My particular interest is in the South Slavs who edged their way into the Balkans, around the Carpathian Mountains or along the coast into most of the modern day Balkan states. How far and where they settled is difficult to judge from the archaeological evidence, and we have limited written sources. For example, they certainly reached the Peloponnese, but the extent to which modern Greeks have a Slav identity, is, needless to say, very controversial!
Unlike the horse archers of the Steppes, like the Avars or the Huns, the Slavs almost sneaked into the Balkans over a long period of time. They started by raiding the usual manner, but then occupied lands that were underpopulated due to the weakness of the Byzantine Empire of the period. They assimilated local peoples and grew from disparate tribes to fully fledged states. Serbia and Croatia are the main states today, and Bulgaria was a mix of the Turkic Bulgars and the Slavs.
After explaining what we know about these movements, Barford covers the social structure, daily life, religion and trading arrangements of the early Slavs. There is a chapter on warfare, which is largely based on Byzantine sources, who describe how to fight them. The early Slavs occupied forest areas and were skilled in the use of ambush, using rivers to communicate and concentrate forces. They were lightly armoured, equipped with spear, shield and wooden bows. Barford argues that they did use horses, even if primarily as mounted infantry, with elites as conventional cavalry. They also circled wagons during a battle. Unlike the West and East Slavs, they made little use of strongholds, reflecting the terrain they occupied.

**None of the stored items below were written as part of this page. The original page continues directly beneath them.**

lemma index_flipF:
  assumes "B \<in> carrier_mat m m" and "r < m" and "c < m"
  shows "flipF m B $$ (r, c) = B $$ (m - 1 - c, m - 1 - r)"
proof -
  have BT: "transpose_mat B \<in> carrier_mat m m"
    using assms(1) by simp
  then have "Qmat m * transpose_mat B \<in> carrier_mat m m"
    by (rule mult_carrier_mat[OF Qmat_carrier_mat])
  then have "flipF m B $$ (r, c) = (Qmat m * transpose_mat B) $$ (r, m - 1 - c)"
    unfolding flipF_def using assms(2,3) by (rule index_mult_Qmat)
  also have "\<dots> = transpose_mat B $$ (m - 1 - r, m - 1 - c)"
    using BT assms(2,3) by (intro index_Qmat_mult) auto
  also have "\<dots> = B $$ (m - 1 - c, m - 1 - r)"
    using assms by simp
  finally show ?thesis .
qed

lemma dim_row_cnj_mat [simp]: "dim_row (cnj_mat q A) = dim_row A"
  by (simp add: cnj_mat_def)

lemma dim_col_cnj_mat [simp]: "dim_col (cnj_mat q A) = dim_col A"
  by (simp add: cnj_mat_def)

lemma index_cnj_mat [simp]:
  "i < dim_row A \<Longrightarrow> j < dim_col A \<Longrightarrow> cnj_mat q A $$ (i, j) = cnj q (A $$ (i, j))"
  by (simp add: cnj_mat_def)

lemma eq_carrier_mat_iff:
  assumes "A \<in> carrier_mat n k" and "B \<in> carrier_mat n k"
  shows "A = B \<longleftrightarrow> (\<forall>i<n. \<forall>j<k. A $$ (i, j) = B $$ (i, j))"
  using assms by (auto intro!: eq_matI)

lemma alpha_csp_iff:
  assumes P: "P \<in> carrier_mat m m" and \<alpha>: "\<alpha> \<in> carrier_mat 1 m"
  shows "alpha_csp q m \<alpha> P \<longleftrightarrow> (\<forall>r<m. \<forall>c<m.
           P $$ (r, c) + cnj q (P $$ (m - 1 - c, m - 1 - r)) = - (cnj q (\<alpha> $$ (0, m - 1 - r)) * \<alpha> $$ (0, c)))"
    (is "_ \<longleftrightarrow> ?rhs")
proof -
  define Q\<alpha> where "Q\<alpha> = Qmat m * transpose_mat (cnj_mat q \<alpha>)"
  have cnjP: "cnj_mat q P \<in> carrier_mat m m"
    using carrier_matD[OF P] by (intro carrier_matI) simp_all
  have cnj\<alpha>T: "transpose_mat (cnj_mat q \<alpha>) \<in> carrier_mat m 1"
    using carrier_matD[OF \<alpha>] by (intro carrier_matI) simp_all
  have Q\<alpha>_carrier: "Q\<alpha> \<in> carrier_mat m 1"
    unfolding Q\<alpha>_def using Qmat_carrier_mat cnj\<alpha>T by (rule mult_carrier_mat)
  have lhs: "(P + flipF m (cnj_mat q P)) $$ (r, c) = P $$ (r, c) + cnj q (P $$ (m - 1 - c, m - 1 - r))"
    if "r < m" "c < m" for r c
  proof -
    have "(P + flipF m (cnj_mat q P)) $$ (r, c) = P $$ (r, c) + flipF m (cnj_mat q P) $$ (r, c)"
      using that by (intro index_add_mat(1)) simp_all
    also have "flipF m (cnj_mat q P) $$ (r, c) = cnj_mat q P $$ (m - 1 - c, m - 1 - r)"
      using cnjP that by (rule index_flipF)
    also have "\<dots> = cnj q (P $$ (m - 1 - c, m - 1 - r))"
      using P that by simp
    finally show ?thesis .
  qed
  have rhs: "(- (Q\<alpha> * \<alpha>)) $$ (r, c) = - (cnj q (\<alpha> $$ (0, m - 1 - r)) * \<alpha> $$ (0, c))"
    if "r < m" "c < m" for r c
  proof -
    have "(Q\<alpha> * \<alpha>) $$ (r, c) = Q\<alpha> $$ (r, 0) * \<alpha> $$ (0, c)"
      using \<alpha> Q\<alpha>_carrier that by (simp add: scalar_prod_def)
    also have "Q\<alpha> $$ (r, 0) = transpose_mat (cnj_mat q \<alpha>) $$ (m - 1 - r, 0)"
      unfolding Q\<alpha>_def using index_Qmat_mult[OF cnj\<alpha>T that(1)] by simp
    also have "\<dots> = cnj q (\<alpha> $$ (0, m - 1 - r))"
      using carrier_matD[OF \<alpha>] that by simp
    finally show ?thesis
      using \<alpha> Q\<alpha>_carrier that by simp
  qed
  have "P + flipF m (cnj_mat q P) \<in> carrier_mat m m" "- (Q\<alpha> * \<alpha>) \<in> carrier_mat m m"
    using P \<alpha> Q\<alpha>_carrier by auto
  then have "alpha_csp q m \<alpha> P \<longleftrightarrow>
      (\<forall>r<m. \<forall>c<m. (P + flipF m (cnj_mat q P)) $$ (r, c) = (- (Q\<alpha> * \<alpha>)) $$ (r, c))"
    unfolding alpha_csp_def Q\<alpha>_def[symmetric] by (rule eq_carrier_mat_iff)
  also have "\<dots> \<longleftrightarrow> ?rhs"
    by (simp add: lhs rhs del: index_add_mat index_uminus_mat)
  finally show ?thesis .
qed

definition unit_row :: "nat \<Rightarrow> nat \<Rightarrow> 'a::field mat" where
  "unit_row m j = mat 1 m (\<lambda>(_, c). if c = j then 1 else 0)"

definition single_entry_mat :: "nat \<Rightarrow> nat \<Rightarrow> nat \<Rightarrow> 'a::field \<Rightarrow> 'a mat" where
  "single_entry_mat m r c t = mat m m (\<lambda>(i, k). if i = r \<and> k = c then t else 0)"

definition test_mat :: "nat \<Rightarrow> nat \<Rightarrow> 'a::field \<Rightarrow> nat \<Rightarrow> 'a mat" where
  "test_mat q m t j = Xmat q m (single_entry_mat m (m - 1 - j) j t) (unit_row m j)"

lemma alpha_csp_unit_row:
  assumes "q > 0" and "j < m" and "t + t ^ q = -1"
  shows "alpha_csp q m (unit_row m j) (single_entry_mat m (m - 1 - j) j t)"
  using assms by (subst alpha_csp_iff) (auto simp: unit_row_def single_entry_mat_def cnj_def zero_power)

lemma index_test_mat:
  assumes "q > 0" and "j < m" and "i < 2 * m + 1" and "k < 2 * m + 1"
  shows "test_mat q m t j $$ (i, k)
       = (if i = k then 1 else 0) + (if i = m \<and> k = j then 1 else 0)
         + (if i = 2 * m - j \<and> k = j then t else 0) - (if i = 2 * m - j \<and> k = m then 1 else 0)"
proof -
  have "(Qmat m * transpose_mat (cnj_mat q (unit_row m j))) $$ (i - (m + 1), 0)
          = (if i = 2 * m - j then 1 else 0)" if "m < i"
  proof -
    have "transpose_mat (cnj_mat q (unit_row m j)) \<in> carrier_mat m 1"
      by (intro carrier_matI) (simp_all add: unit_row_def)
    moreover have "i - (m + 1) < m"
      using that assms by simp
    ultimately have "(Qmat m * transpose_mat (cnj_mat q (unit_row m j))) $$ (i - (m + 1), 0)
        = transpose_mat (cnj_mat q (unit_row m j)) $$ (m - 1 - (i - (m + 1)), 0)"
      by (rule index_Qmat_mult) simp
    then show ?thesis
      using that assms by (auto simp: unit_row_def cnj_def)
  qed
  then show ?thesis
    using assms by (auto simp: test_mat_def Xmat_def unit_row_def single_entry_mat_def)
qed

I don't think I have ever seen a Slav army on the wargame table, other than my own small force as part of a 15mm Bulgar army, which I think are Essex figures. Few rules guarantee generating enough terrain to allow them to fight in the way they successfully did. I see Gripping Beast have a small range of foot figures in 28mm and Old Glory have a larger range in 15mm.

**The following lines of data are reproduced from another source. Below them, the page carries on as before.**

(* For every integer $n \ge 5$, $\gamma_R(P(n,2)) \ge \left\lceil \frac{8n}{7}\right\rceil$.
   Context: For integers $n \ge 3$ and $1 \le k < n/2$, the generalized Petersen graph $P(n,k)$ has vertex set $\{v_i, u_i : 0 \le i \le n-1\}$ and edge set $\{v_iv_{i+1},\ v_iu_i,\ u_iu_{i+k} : 0 \le i \le n-1\}$, with subscripts taken modulo $n$. A Roman domination function (RDF) of a graph $G$ is a function $f: V(G)\to\{0,1,2\}$ such that every vertex $u$ with $f(u)=0$ is adjacent to at least one vertex $v$ with $f(v)=2$. Its weight is $\sum_{u\in V(G)} f(u)$. The Roman domination number $\gamma_R(G)$ is the minimum weight of an RDF of $G$. *)

theory Defs
  imports Complex_Main
begin

text \<open>Vertices of the generalized Petersen graph P(n,k): outer vertices v_i and inner vertices u_i,
  with indices i in {0..<n}.\<close>
datatype gp_vertex = V nat | U nat

definition gp_vertices :: "nat \<Rightarrow> gp_vertex set" where
  "gp_vertices n = V ` {0..<n} \<union> U ` {0..<n}"

definition gp_edges :: "nat \<Rightarrow> nat \<Rightarrow> (gp_vertex \<times> gp_vertex) set" where
  "gp_edges n k = (\<Union>i\<in>{0..<n}. {(V i, V ((i + 1) mod n)), (V i, U i), (U i, U ((i + k) mod n))})"

definition gp_adj :: "nat \<Rightarrow> nat \<Rightarrow> gp_vertex \<Rightarrow> gp_vertex \<Rightarrow> bool" where
  "gp_adj n k x y \<longleftrightarrow> (x, y) \<in> gp_edges n k \<or> (y, x) \<in> gp_edges n k"

text \<open>Roman domination function on a graph with vertex set VS and adjacency relation adj.
  Values are taken in {0,1,2}; outside VS the function is irrelevant and fixed to 0.\<close>
definition is_rdf :: "'a set \<Rightarrow> ('a \<Rightarrow> 'a \<Rightarrow> bool) \<Rightarrow> ('a \<Rightarrow> nat) \<Rightarrow> bool" where
  "is_rdf VS adj f \<longleftrightarrow>
     (\<forall>x\<in>VS. f x \<le> 2) \<and> (\<forall>x. x \<notin> VS \<longrightarrow> f x = 0) \<and>
     (\<forall>x\<in>VS. f x = 0 \<longrightarrow> (\<exists>y\<in>VS. adj x y \<and> f y = 2))"

definition rdf_weight :: "'a set \<Rightarrow> ('a \<Rightarrow> nat) \<Rightarrow> nat" where
  "rdf_weight VS f = (\<Sum>x\<in>VS. f x)"

definition roman_domination_number :: "'a set \<Rightarrow> ('a \<Rightarrow> 'a \<Rightarrow> bool) \<Rightarrow> nat" where
  "roman_domination_number VS adj = (LEAST w. \<exists>f. is_rdf VS adj f \<and> rdf_weight VS f = w)"

definition gamma_R_GP :: "nat \<Rightarrow> nat \<Rightarrow> nat" where
  "gamma_R_GP n k = roman_domination_number (gp_vertices n) (gp_adj n k)"

end

theory Submission
  imports Defs "HOL-Number_Theory.Cong"
begin

(* Cut P(n,2) into columns {v_j, u_j}; write a j = f(v_j), b j = f(u_j) for a Roman
   dominating function f, read n-periodically.  The Roman condition only relates columns
   at distance at most 2, so f unrolls into a "Roman strip": a pair of sequences obeying
   the local domination constraints of the infinite graph P(infinity,2).

   Scanning a strip from left to right, after column j+3 exactly three vertices can still
   be dominated by later columns: u_(j+2), u_(j+3) and v_(j+3).  Each gets a status in
   {0,1,2} (labelled 2 / labelled 1 or already dominated / labelled 0 and undominated),
   and a fixed table psi on the 27 status triples is a potential: adding a column of
   weight w changes it by at most 7w - 8 (checked by exhausting all cases).  For a
   periodic strip the potential returns to its start after n columns, so summing over
   one period gives 0 <= 7 * weight - 8n. *)

definition status :: "nat \<Rightarrow> bool \<Rightarrow> nat" where
  "status x d = (if x = 2 then 2 else if x \<ge> 1 \<or> d then 1 else 0)"

lemma status_le_2: "status x d \<le> 2"
  by (simp add: status_def)

lemma status_eq_2_iff: "status x d = 2 \<longleftrightarrow> x = 2"
  by (simp add: status_def)

lemma status_ge_1_iff: "x \<le> 2 \<Longrightarrow> 1 \<le> status x d \<longleftrightarrow> 1 \<le> x \<or> d"
  by (auto simp: status_def)

text \<open>The potential of a frontier with statuses (u_(j+2), u_(j+3), v_(j+3)), as a table;
  its entries are tuned so that psi_step below holds.\<close>
definition psi :: "nat \<Rightarrow> nat \<Rightarrow> nat \<Rightarrow> int" where
  "psi x y z = [[[-26, -19, 0], [-19, -12, -13], [0, -13, -6]],
                [[-19, -18, 0], [-16, -11, -10], [0, -7, 0]],
                [[-15, -8, 0], [-15, -8, -1], [0, -7, 0]]] ! x ! y ! z"

text \<open>From frontier (s1, s0, sv) a new column
  with labels a = f(v), b = f(u) is added; it must dominate the two vertices leaving the
  frontier (v by a, u by b).\<close>
lemma psi_step_cases:
  "\<forall>s1\<in>{0,1,2}. \<forall>s0\<in>{0,1,2}. \<forall>sv\<in>{0,1,2}. \<forall>a\<in>{0,1,2}. \<forall>b\<in>{0,1,2::nat}.
    (1 \<le> sv \<or> a = 2) \<longrightarrow> (1 \<le> s1 \<or> b = 2) \<longrightarrow>
    psi s0 (status b (a = 2 \<or> s1 = 2)) (status a (b = 2 \<or> sv = 2)) - psi s1 s0 sv
      \<le> 7 * (int a + int b) - 8"
  by (simp add: psi_def status_def)

lemma psi_step:
  assumes "s1 \<le> 2" "s0 \<le> 2" "sv \<le> 2" "a \<le> 2" "b \<le> 2"
    and "1 \<le> sv \<or> a = 2" and "1 \<le> s1 \<or> b = 2"
  shows "psi s0 (status b (a = 2 \<or> s1 = 2)) (status a (b = 2 \<or> sv = 2)) - psi s1 s0 sv
           \<le> 7 * (int a + int b) - 8"
proof -
  have "x \<in> {0, 1, 2}" if "x \<le> 2" for x :: nat
    using that by auto
  then show ?thesis
    using psi_step_cases assms by blast
qed

text \<open>A labelling of the columns of the infinite graph P(infinity,2) (outer labels a, inner
  labels b) satisfying the Roman condition: values are at most 2, every outer vertex
  v_(j+1) labelled 0 has a neighbour v_j, v_(j+2), u_(j+1) labelled 2, and likewise every
  inner vertex u_(j+2) labelled 0 has a neighbour u_j, u_(j+4), v_(j+2) labelled 2.\<close>
definition roman_strip :: "(nat \<Rightarrow> nat) \<Rightarrow> (nat \<Rightarrow> nat) \<Rightarrow> bool" where
  "roman_strip a b \<longleftrightarrow> (\<forall>j. a j \<le> 2 \<and> b j \<le> 2 \<and>
     (1 \<le> a (j + 1) \<or> b (j + 1) = 2 \<or> a j = 2 \<or> a (j + 2) = 2) \<and>
     (1 \<le> b (j + 2) \<or> a (j + 2) = 2 \<or> b j = 2 \<or> b (j + 4) = 2))"

definition strip_potential :: "(nat \<Rightarrow> nat) \<Rightarrow> (nat \<Rightarrow> nat) \<Rightarrow> nat \<Rightarrow> int" where
  "strip_potential a b j =
     psi (status (b (j + 2)) (a (j + 2) = 2 \<or> b j = 2))
         (status (b (j + 3)) (a (j + 3) = 2 \<or> b (j + 1) = 2))
         (status (a (j + 3)) (b (j + 3) = 2 \<or> a (j + 2) = 2))"

text \<open>Scanning column j + 4 raises the potential by at most 7 times its weight minus 8:
  this is psi_step, the constraints of the strip guaranteeing that the two vertices
  leaving the frontier are dominated.\<close>
lemma strip_potential_step:
  assumes "roman_strip a b"
  shows "strip_potential a b (Suc j) - strip_potential a b j
           \<le> 7 * (int (a (j + 4)) + int (b (j + 4))) - 8"
proof -
  define s1 where "s1 = status (b (j + 2)) (a (j + 2) = 2 \<or> b j = 2)"
  define s0 where "s0 = status (b (j + 3)) (a (j + 3) = 2 \<or> b (j + 1) = 2)"
  define sv where "sv = status (a (j + 3)) (b (j + 3) = 2 \<or> a (j + 2) = 2)"
  have bounds: "a i \<le> 2" "b i \<le> 2" for i
    using assms by (auto simp: roman_strip_def)
  have idx: "j + 2 + 1 = j + 3" "j + 2 + 2 = j + 4"
    and next_idx: "Suc j + 1 = j + 2" "Suc j + 2 = j + 3" "Suc j + 3 = j + 4"
    by simp_all
  have outer: "1 \<le> a (j + 3) \<or> b (j + 3) = 2 \<or> a (j + 2) = 2 \<or> a (j + 4) = 2"
    using assms unfolding roman_strip_def idx[symmetric] by blast
  have inner: "1 \<le> b (j + 2) \<or> a (j + 2) = 2 \<or> b j = 2 \<or> b (j + 4) = 2"
    using assms unfolding roman_strip_def by blast
  have sv_dom: "1 \<le> sv \<or> a (j + 4) = 2"
    using outer status_ge_1_iff[OF bounds(1)] unfolding sv_def by blast
  have s1_dom: "1 \<le> s1 \<or> b (j + 4) = 2"
    using inner status_ge_1_iff[OF bounds(2)] unfolding s1_def by blast
  have "s1 \<le> 2" "s0 \<le> 2" "sv \<le> 2"
    unfolding s1_def s0_def sv_def by (rule status_le_2)+
  note step = psi_step[OF this bounds(1) bounds(2) sv_dom s1_dom]
  have "strip_potential a b j = psi s1 s0 sv"
    by (simp add: strip_potential_def s1_def s0_def sv_def)
  moreover have "strip_potential a b (Suc j) =
      psi s0 (status (b (j + 4)) (a (j + 4) = 2 \<or> s1 = 2))
             (status (a (j + 4)) (b (j + 4) = 2 \<or> sv = 2))"
    unfolding strip_potential_def s1_def s0_def sv_def status_eq_2_iff next_idx by simp
  ultimately show ?thesis
    using step by simp
qed

lemma periodic_sum_shift:
  fixes g :: "nat \<Rightarrow> 'a :: ab_group_add"
  assumes periodic: "\<And>j. g (j + n) = g j"
  shows "(\<Sum>j<n. g (j + k)) = (\<Sum>j<n. g j)"
proof (induction k)
  case (Suc k)
  have "(\<Sum>j<n. g (Suc j + k) - g (j + k)) = g (n + k) - g (0 + k)"
    by (rule sum_lessThan_telescope)
  also have "\<dots> = 0"
    using periodic[of k] by (simp add: add.commute)
  finally show ?case
    using Suc by (simp add: sum_subtractf)
qed simp

text \<open>Averaging over one period: an n-periodic Roman strip has weight at least 8n/7 per
  period, since the potential returns to its initial value after n steps.\<close>
lemma periodic_strip_weight:
  assumes strip: "roman_strip a b"
    and periodic: "\<And>j. a (j + n) = a j" "\<And>j. b (j + n) = b j"
  shows "8 * int n \<le> 7 * (\<Sum>j<n. int (a j) + int (b j))"
proof -
  let ?\<Phi> = "strip_potential a b"
  have shift: "a (n + i) = a i" "b (n + i) = b i" for i
    using periodic[of i] by (simp_all add: add.commute)
  have "?\<Phi> n = ?\<Phi> 0"
    using shift[of 0] unfolding strip_potential_def by (simp only: shift add_0_left add_0_right)
  then have "0 = (\<Sum>j<n. ?\<Phi> (Suc j) - ?\<Phi> j)"
    by (simp add: sum_lessThan_telescope)
  also have "\<dots> \<le> (\<Sum>j<n. 7 * (int (a (j + 4)) + int (b (j + 4))) - 8)"
    by (intro sum_mono strip_potential_step[OF strip])
  also have "\<dots> = 7 * (\<Sum>j<n. int (a (j + 4)) + int (b (j + 4))) - 8 * int n"
    by (simp add: sum_subtractf sum_distrib_left)
  also have "(\<Sum>j<n. int (a (j + 4)) + int (b (j + 4))) = (\<Sum>j<n. int (a j) + int (b j))"
    by (rule periodic_sum_shift) (simp add: periodic)
  finally show ?thesis
    by simp
qed

text \<open>Neighbourhoods in P(n,k), indexed so that no subtraction modulo n is needed:
  v_(j+1) is adjacent only to v_j, v_(j+2), u_(j+1), and u_(j+k) only to u_j, u_(j+2k),
  v_(j+k).  The predecessor is identified by cancelling a summand in a congruence.\<close>
lemma outer_neighbours:
  assumes "gp_adj n k (V ((j + 1) mod n)) y" "0 < n"
  shows "y \<in> {V (j mod n), V ((j + 2) mod n), U ((j + 1) mod n)}"
proof -
  have pred: "m = j mod n" if "m < n" "(m + 1) mod n = (j + 1) mod n" for m
    using that cong_add_rcancel_nat[of m 1 j n] by (simp add: cong_def)
  have "((j + 1) mod n + 1) mod n = (j + 2) mod n"
    by (simp add: mod_Suc_eq)
  with assms show ?thesis
    by (auto simp: gp_adj_def gp_edges_def pred)
qed

lemma inner_neighbours:
  assumes "gp_adj n k (U ((j + k) mod n)) y" "0 < n"
  shows "y \<in> {U (j mod n), U ((j + 2 * k) mod n), V ((j + k) mod n)}"
proof -
  have pred: "m = j mod n" if "m < n" "(m + k) mod n = (j + k) mod n" for m
    using that cong_add_rcancel_nat[of m k j n] by (simp add: cong_def)
  have "((j + k) mod n + k) mod n = (j + 2 * k) mod n"
    by (simp add: mod_add_left_eq add.assoc mult_2)
  with assms show ?thesis
    by (auto simp: gp_adj_def gp_edges_def pred)
qed

lemma rdf_dominated:
  assumes "is_rdf VS adj f" "x \<in> VS" "f x = 0"
  obtains y where "adj x y" "f y = 2"
  using assms unfolding is_rdf_def by blast

lemma rdf_unrolls_to_strip:
  assumes rdf: "is_rdf (gp_vertices n) (gp_adj n 2) f" and "0 < n"
  shows "roman_strip (\<lambda>j. f (V (j mod n))) (\<lambda>j. f (U (j mod n)))"
  unfolding roman_strip_def
proof (intro allI conjI)
  fix j
  have in_VS: "V (i mod n) \<in> gp_vertices n" "U (i mod n) \<in> gp_vertices n" for i
    using \<open>0 < n\<close> by (auto simp: gp_vertices_def)
  show "f (V (j mod n)) \<le> 2" "f (U (j mod n)) \<le> 2"
    using rdf in_VS unfolding is_rdf_def by blast+
  show "1 \<le> f (V ((j + 1) mod n)) \<or> f (U ((j + 1) mod n)) = 2 \<or>
        f (V (j mod n)) = 2 \<or> f (V ((j + 2) mod n)) = 2"
  proof (cases "f (V ((j + 1) mod n)) = 0")
    case True
    then obtain y where y: "gp_adj n 2 (V ((j + 1) mod n)) y" "f y = 2"
      using rdf_dominated[OF rdf in_VS(1)] by blast
    with outer_neighbours[OF y(1) \<open>0 < n\<close>] show ?thesis
      by auto
  qed simp
  show "1 \<le> f (U ((j + 2) mod n)) \<or> f (V ((j + 2) mod n)) = 2 \<or>
        f (U (j mod n)) = 2 \<or> f (U ((j + 4) mod n)) = 2"
  proof (cases "f (U ((j + 2) mod n)) = 0")
    case True
    then obtain y where y: "gp_adj n 2 (U ((j + 2) mod n)) y" "f y = 2"
      using rdf_dominated[OF rdf in_VS(2)] by blast
    with inner_neighbours[OF y(1) \<open>0 < n\<close>] show ?thesis
      by auto
  qed simp
qed

lemma rdf_weight_columns:
  "rdf_weight (gp_vertices n) f = (\<Sum>j<n. f (V j) + f (U j))"
proof -
  have "rdf_weight (gp_vertices n) f = sum f (V ` {0..<n}) + sum f (U ` {0..<n})"
    unfolding rdf_weight_def gp_vertices_def
    by (rule sum.union_disjoint) auto
  also have "\<dots> = (\<Sum>j<n. f (V j)) + (\<Sum>j<n. f (U j))"
    by (simp add: sum.reindex inj_on_def lessThan_atLeast0)
  finally show ?thesis
    by (simp add: sum.distrib)
qed

lemma rdf_weight_lower_bound:
  assumes "is_rdf (gp_vertices n) (gp_adj n 2) f" "0 < n"
  shows "8 * int n \<le> 7 * int (rdf_weight (gp_vertices n) f)"
proof -
  have "8 * int n \<le> 7 * (\<Sum>j<n. int (f (V (j mod n))) + int (f (U (j mod n))))"
    by (rule periodic_strip_weight[OF rdf_unrolls_to_strip[OF assms]]) simp_all
  also have "(\<Sum>j<n. int (f (V (j mod n))) + int (f (U (j mod n)))) =
             int (rdf_weight (gp_vertices n) f)"
    by (simp add: rdf_weight_columns)
  finally show ?thesis .
qed

text \<open>The Roman domination number is attained: labelling every vertex 1 is a Roman
  dominating function, so the defining LEAST ranges over a nonempty set.\<close>
lemma roman_domination_number_attained:
  obtains f where "is_rdf VS adj f" "rdf_weight VS f = roman_domination_number VS adj"
proof -
  have "is_rdf VS adj (\<lambda>x. if x \<in> VS then 1 else 0)"
    by (simp add: is_rdf_def)
  then have "\<exists>w f. is_rdf VS adj f \<and> rdf_weight VS f = w"
    by blast
  from LeastI_ex[OF this] show ?thesis
    using that unfolding roman_domination_number_def by blast
qed

theorem lemma2p11:
  fixes n :: nat
  assumes "n \<ge> 5"
  shows "gamma_R_GP n 2 \<ge> nat \<lceil>(8 * real n) / 7\<rceil>"
proof -
  obtain f where f: "is_rdf (gp_vertices n) (gp_adj n 2) f"
      "rdf_weight (gp_vertices n) f = gamma_R_GP n 2"
    using roman_domination_number_attained unfolding gamma_R_GP_def by blast
  have "8 * int n \<le> 7 * int (gamma_R_GP n 2)"
    using rdf_weight_lower_bound[OF f(1)] assms f(2) by simp
  then have "(8 * real n) / 7 \<le> real (gamma_R_GP n 2)"
    by linarith
  then show ?thesis
    by (simp add: ceiling_le_iff nat_le_iff)
qed

end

My first choice 15mm rule set is L'Art de la Guerre, and their Slav list includes up to six elements of medium cavalry with the option of upgrading half of them to heavy. You can have a fortified camp, which I suppose covers the wagons. I don't think their time period, up to 1218, works for the Balkans, but they do have later Serbo-Croatian and Bulgar lists. FoG takes a similar approach to the balance of forces, and wisely has a specific South Slav list.
While this looks like a serious academic tome, it is very readable. The price (£61) might put off the general reader, but if you can get it second hand or from the library, it is well worth the effort.